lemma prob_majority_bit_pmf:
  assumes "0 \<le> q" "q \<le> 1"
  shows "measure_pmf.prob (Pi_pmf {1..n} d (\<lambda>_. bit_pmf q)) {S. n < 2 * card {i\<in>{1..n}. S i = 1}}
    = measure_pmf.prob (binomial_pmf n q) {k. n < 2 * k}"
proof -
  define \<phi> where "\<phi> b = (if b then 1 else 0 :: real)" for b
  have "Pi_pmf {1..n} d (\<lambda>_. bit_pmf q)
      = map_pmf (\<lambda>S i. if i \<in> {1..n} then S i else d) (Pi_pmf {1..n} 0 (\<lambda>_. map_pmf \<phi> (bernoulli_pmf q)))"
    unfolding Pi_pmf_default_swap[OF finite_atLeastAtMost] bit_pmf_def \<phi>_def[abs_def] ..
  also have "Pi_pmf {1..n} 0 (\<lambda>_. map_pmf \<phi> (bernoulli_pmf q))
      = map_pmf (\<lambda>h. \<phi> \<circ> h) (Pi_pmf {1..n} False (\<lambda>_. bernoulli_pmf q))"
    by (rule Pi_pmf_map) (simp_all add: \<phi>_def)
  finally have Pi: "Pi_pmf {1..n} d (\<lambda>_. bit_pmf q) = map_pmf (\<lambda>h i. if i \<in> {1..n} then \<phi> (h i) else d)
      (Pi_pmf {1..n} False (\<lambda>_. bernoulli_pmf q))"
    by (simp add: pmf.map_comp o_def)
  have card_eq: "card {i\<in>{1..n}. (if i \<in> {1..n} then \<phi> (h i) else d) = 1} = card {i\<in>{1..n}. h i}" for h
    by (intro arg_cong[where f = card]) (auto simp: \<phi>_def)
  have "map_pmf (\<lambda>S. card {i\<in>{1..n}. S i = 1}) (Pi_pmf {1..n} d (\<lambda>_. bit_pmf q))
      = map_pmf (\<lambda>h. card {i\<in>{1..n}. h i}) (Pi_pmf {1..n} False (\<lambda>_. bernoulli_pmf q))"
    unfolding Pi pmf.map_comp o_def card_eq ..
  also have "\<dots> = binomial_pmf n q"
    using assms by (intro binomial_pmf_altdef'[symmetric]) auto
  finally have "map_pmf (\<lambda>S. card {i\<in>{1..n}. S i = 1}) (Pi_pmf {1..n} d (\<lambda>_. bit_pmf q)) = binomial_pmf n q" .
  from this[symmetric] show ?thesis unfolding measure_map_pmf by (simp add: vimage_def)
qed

...

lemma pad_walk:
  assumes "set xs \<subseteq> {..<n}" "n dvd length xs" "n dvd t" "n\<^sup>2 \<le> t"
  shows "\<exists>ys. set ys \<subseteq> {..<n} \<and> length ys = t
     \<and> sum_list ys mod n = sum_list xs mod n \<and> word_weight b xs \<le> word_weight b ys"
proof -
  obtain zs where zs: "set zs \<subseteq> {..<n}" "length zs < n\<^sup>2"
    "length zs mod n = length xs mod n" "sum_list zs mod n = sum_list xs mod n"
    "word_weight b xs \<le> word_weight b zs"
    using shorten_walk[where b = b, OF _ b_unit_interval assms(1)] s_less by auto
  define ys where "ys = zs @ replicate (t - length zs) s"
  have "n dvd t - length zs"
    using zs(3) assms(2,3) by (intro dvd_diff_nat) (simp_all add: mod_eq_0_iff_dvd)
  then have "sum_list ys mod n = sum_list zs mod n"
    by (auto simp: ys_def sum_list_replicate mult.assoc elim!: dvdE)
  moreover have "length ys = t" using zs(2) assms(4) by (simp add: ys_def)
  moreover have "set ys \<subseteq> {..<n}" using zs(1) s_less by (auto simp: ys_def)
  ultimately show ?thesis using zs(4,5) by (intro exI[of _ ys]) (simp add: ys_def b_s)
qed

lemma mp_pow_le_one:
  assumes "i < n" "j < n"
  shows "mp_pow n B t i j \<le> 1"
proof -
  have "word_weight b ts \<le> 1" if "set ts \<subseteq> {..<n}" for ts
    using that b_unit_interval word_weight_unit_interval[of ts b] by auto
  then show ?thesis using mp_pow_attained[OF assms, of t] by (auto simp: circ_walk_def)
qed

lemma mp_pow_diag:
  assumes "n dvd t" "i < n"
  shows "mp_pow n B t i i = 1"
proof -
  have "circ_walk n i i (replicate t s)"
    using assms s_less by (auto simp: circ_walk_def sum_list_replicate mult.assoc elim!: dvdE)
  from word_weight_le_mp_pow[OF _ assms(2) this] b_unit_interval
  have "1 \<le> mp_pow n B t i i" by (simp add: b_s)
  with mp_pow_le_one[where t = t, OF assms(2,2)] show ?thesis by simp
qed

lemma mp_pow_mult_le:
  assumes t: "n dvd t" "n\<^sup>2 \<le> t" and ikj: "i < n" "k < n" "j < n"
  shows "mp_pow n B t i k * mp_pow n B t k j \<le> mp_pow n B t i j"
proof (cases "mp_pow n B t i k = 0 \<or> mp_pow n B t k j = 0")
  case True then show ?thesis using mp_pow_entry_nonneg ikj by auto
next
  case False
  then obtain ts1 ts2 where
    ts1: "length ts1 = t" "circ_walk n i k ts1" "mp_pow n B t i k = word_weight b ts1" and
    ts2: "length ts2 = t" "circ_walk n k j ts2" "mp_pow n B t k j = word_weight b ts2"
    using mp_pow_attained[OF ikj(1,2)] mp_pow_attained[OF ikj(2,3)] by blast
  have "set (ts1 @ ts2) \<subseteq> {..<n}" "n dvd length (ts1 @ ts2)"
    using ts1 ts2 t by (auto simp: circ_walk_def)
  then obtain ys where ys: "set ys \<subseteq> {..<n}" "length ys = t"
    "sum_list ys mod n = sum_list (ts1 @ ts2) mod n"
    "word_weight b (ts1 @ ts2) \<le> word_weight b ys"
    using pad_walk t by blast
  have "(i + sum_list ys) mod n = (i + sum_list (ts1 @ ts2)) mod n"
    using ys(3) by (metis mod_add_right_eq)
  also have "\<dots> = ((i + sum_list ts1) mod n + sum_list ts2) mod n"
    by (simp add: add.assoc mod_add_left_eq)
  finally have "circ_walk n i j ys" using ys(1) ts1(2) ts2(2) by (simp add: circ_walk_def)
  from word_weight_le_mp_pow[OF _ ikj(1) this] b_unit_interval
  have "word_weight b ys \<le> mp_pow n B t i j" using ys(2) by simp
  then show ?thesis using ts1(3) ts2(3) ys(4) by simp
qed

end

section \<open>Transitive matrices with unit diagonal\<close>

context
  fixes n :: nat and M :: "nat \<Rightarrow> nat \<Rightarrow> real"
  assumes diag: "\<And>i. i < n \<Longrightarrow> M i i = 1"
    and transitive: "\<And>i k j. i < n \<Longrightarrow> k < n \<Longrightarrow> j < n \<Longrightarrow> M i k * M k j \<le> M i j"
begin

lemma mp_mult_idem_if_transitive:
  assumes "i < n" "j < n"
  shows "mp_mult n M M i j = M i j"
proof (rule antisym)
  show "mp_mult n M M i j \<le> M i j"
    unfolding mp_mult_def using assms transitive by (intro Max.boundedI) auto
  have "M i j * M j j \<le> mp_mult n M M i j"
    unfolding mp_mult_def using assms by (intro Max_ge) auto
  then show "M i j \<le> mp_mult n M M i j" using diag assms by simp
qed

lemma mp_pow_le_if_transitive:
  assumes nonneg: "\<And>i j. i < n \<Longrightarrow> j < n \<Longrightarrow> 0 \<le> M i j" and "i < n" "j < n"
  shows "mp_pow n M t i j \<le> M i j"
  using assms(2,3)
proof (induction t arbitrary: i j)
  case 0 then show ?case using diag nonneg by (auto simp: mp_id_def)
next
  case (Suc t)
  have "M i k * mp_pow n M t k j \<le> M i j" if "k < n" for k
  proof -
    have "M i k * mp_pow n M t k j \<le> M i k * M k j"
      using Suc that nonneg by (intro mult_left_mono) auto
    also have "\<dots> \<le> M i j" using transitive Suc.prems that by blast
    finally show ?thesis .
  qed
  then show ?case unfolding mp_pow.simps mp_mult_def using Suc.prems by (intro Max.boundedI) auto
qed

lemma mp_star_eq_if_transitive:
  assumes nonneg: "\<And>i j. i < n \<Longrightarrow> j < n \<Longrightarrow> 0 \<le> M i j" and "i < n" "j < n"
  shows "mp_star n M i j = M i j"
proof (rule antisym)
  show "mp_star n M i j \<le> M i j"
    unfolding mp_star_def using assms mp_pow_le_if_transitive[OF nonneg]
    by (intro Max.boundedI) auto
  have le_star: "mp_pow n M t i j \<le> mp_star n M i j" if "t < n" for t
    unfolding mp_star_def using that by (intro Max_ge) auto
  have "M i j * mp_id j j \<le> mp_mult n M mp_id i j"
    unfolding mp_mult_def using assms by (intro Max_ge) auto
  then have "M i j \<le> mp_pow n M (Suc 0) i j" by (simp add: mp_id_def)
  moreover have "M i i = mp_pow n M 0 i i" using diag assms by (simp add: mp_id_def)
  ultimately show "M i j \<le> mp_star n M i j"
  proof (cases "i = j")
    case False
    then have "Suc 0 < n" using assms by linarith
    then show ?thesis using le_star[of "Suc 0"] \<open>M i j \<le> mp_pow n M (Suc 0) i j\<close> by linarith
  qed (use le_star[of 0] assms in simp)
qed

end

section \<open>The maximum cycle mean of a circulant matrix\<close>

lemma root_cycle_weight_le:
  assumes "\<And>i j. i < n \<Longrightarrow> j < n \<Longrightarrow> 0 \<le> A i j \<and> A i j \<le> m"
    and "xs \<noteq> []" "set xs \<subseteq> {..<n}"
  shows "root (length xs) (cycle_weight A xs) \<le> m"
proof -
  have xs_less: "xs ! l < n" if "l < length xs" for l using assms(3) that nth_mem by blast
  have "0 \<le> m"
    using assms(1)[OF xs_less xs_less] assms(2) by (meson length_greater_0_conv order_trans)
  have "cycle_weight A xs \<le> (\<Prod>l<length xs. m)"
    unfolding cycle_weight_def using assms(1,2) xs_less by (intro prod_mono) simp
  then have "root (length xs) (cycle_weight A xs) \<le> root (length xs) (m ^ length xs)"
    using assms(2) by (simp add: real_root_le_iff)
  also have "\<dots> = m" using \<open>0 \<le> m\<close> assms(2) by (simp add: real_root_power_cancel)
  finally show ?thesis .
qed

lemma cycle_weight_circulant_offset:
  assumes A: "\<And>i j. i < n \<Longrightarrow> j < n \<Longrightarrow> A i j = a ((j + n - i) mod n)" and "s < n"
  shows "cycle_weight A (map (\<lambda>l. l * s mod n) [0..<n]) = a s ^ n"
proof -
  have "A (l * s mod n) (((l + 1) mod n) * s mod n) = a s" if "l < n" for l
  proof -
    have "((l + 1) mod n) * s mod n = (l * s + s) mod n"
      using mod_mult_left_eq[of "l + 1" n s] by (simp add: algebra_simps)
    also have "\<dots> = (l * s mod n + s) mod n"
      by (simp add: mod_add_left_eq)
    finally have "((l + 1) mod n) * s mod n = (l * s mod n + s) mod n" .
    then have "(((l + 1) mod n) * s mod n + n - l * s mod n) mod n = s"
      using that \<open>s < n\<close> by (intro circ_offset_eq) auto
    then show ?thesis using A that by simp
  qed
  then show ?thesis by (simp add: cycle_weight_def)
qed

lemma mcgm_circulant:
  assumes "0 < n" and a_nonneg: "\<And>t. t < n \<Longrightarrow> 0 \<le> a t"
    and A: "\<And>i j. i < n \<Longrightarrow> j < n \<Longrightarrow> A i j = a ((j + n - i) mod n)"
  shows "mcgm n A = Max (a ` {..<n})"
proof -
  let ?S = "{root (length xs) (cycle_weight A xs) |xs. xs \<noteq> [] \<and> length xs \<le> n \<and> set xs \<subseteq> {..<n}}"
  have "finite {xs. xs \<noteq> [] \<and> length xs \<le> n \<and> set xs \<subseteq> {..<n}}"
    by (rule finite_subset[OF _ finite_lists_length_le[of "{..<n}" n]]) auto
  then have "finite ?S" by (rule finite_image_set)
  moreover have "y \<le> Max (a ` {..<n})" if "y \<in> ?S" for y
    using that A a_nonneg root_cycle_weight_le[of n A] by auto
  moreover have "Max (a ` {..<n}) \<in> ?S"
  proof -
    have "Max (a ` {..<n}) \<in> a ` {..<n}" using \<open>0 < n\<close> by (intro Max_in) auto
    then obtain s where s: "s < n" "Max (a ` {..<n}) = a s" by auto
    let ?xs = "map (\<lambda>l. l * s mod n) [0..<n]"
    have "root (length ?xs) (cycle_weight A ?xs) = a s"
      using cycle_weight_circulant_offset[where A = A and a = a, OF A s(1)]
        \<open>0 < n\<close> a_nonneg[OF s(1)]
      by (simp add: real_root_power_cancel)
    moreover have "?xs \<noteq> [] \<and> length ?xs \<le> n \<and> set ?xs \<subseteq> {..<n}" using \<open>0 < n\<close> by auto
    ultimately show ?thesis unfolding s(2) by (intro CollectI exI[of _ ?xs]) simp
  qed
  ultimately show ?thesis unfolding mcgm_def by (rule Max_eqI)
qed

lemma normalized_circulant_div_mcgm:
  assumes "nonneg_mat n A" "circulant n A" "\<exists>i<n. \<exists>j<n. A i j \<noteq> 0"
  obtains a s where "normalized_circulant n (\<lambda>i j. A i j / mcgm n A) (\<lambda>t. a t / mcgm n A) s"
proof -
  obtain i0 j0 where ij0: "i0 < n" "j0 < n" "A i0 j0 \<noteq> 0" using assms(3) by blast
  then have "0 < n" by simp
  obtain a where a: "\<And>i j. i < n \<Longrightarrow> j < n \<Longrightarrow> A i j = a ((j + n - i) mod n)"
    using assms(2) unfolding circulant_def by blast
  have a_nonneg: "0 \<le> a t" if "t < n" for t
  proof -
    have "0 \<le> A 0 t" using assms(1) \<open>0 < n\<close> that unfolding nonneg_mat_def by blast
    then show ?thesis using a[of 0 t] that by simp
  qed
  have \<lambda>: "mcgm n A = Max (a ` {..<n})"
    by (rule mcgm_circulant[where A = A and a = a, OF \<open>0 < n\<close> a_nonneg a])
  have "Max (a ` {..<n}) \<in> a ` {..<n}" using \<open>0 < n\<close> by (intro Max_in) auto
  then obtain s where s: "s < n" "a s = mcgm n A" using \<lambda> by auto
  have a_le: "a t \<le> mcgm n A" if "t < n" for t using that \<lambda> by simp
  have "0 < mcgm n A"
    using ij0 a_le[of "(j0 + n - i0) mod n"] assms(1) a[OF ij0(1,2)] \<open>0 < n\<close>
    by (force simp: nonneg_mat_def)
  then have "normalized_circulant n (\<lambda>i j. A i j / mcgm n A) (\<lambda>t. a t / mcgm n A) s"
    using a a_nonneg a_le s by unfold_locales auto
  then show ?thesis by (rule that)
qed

...

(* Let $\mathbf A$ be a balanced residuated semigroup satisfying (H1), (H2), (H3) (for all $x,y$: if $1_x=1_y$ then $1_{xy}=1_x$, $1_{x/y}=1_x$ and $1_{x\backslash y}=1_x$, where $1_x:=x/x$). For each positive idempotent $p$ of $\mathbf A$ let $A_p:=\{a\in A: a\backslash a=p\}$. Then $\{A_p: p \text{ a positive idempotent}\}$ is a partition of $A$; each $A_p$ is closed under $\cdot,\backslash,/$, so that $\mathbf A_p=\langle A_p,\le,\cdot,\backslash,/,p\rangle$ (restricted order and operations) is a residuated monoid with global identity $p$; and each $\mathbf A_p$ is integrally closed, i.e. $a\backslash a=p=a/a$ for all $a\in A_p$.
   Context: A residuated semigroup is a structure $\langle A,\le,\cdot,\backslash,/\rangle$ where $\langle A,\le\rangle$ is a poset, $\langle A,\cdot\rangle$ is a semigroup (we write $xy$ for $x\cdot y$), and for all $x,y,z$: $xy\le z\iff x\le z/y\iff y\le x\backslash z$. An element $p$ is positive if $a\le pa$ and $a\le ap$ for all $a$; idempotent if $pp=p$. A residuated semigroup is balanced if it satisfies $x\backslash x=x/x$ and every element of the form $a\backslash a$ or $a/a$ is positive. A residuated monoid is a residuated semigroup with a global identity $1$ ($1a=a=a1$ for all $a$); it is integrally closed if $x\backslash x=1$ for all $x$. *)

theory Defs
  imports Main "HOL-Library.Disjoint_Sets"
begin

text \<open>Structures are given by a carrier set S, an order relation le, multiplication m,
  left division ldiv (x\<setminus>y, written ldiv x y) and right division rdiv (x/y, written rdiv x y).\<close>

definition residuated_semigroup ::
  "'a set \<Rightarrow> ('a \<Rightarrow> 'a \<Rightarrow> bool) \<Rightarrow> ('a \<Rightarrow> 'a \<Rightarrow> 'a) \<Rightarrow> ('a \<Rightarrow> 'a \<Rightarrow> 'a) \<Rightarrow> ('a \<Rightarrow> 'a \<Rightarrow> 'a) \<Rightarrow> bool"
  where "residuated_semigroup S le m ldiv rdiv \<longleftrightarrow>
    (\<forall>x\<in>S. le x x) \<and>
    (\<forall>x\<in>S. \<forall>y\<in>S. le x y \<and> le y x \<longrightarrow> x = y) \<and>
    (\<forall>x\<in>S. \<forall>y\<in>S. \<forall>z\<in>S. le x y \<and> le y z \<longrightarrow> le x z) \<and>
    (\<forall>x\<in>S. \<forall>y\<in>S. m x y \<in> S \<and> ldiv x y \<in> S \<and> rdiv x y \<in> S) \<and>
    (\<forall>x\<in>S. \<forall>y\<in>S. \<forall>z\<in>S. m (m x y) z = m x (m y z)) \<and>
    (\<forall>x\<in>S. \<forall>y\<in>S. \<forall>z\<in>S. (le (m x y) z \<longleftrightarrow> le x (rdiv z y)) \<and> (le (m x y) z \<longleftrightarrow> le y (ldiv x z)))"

*TASK*: Within the material above, the line with "using shorten_walk[where b" opens the range and the line with "(simp add: ys_def)" closes it; reproduce that range word for word.

*WRITTEN RESPONSE*:
    using shorten_walk[where b = b, OF _ b_unit_interval assms(1)] s_less by auto
  define ys where "ys = zs @ replicate (t - length zs) s"
  have "n dvd t - length zs"
    using zs(3) assms(2,3) by (intro dvd_diff_nat) (simp_all add: mod_eq_0_iff_dvd)
  then have "sum_list ys mod n = sum_list zs mod n"
    by (auto simp: ys_def sum_list_replicate mult.assoc elim!: dvdE)
  moreover have "length ys = t" using zs(2) assms(4) by (simp add: ys_def)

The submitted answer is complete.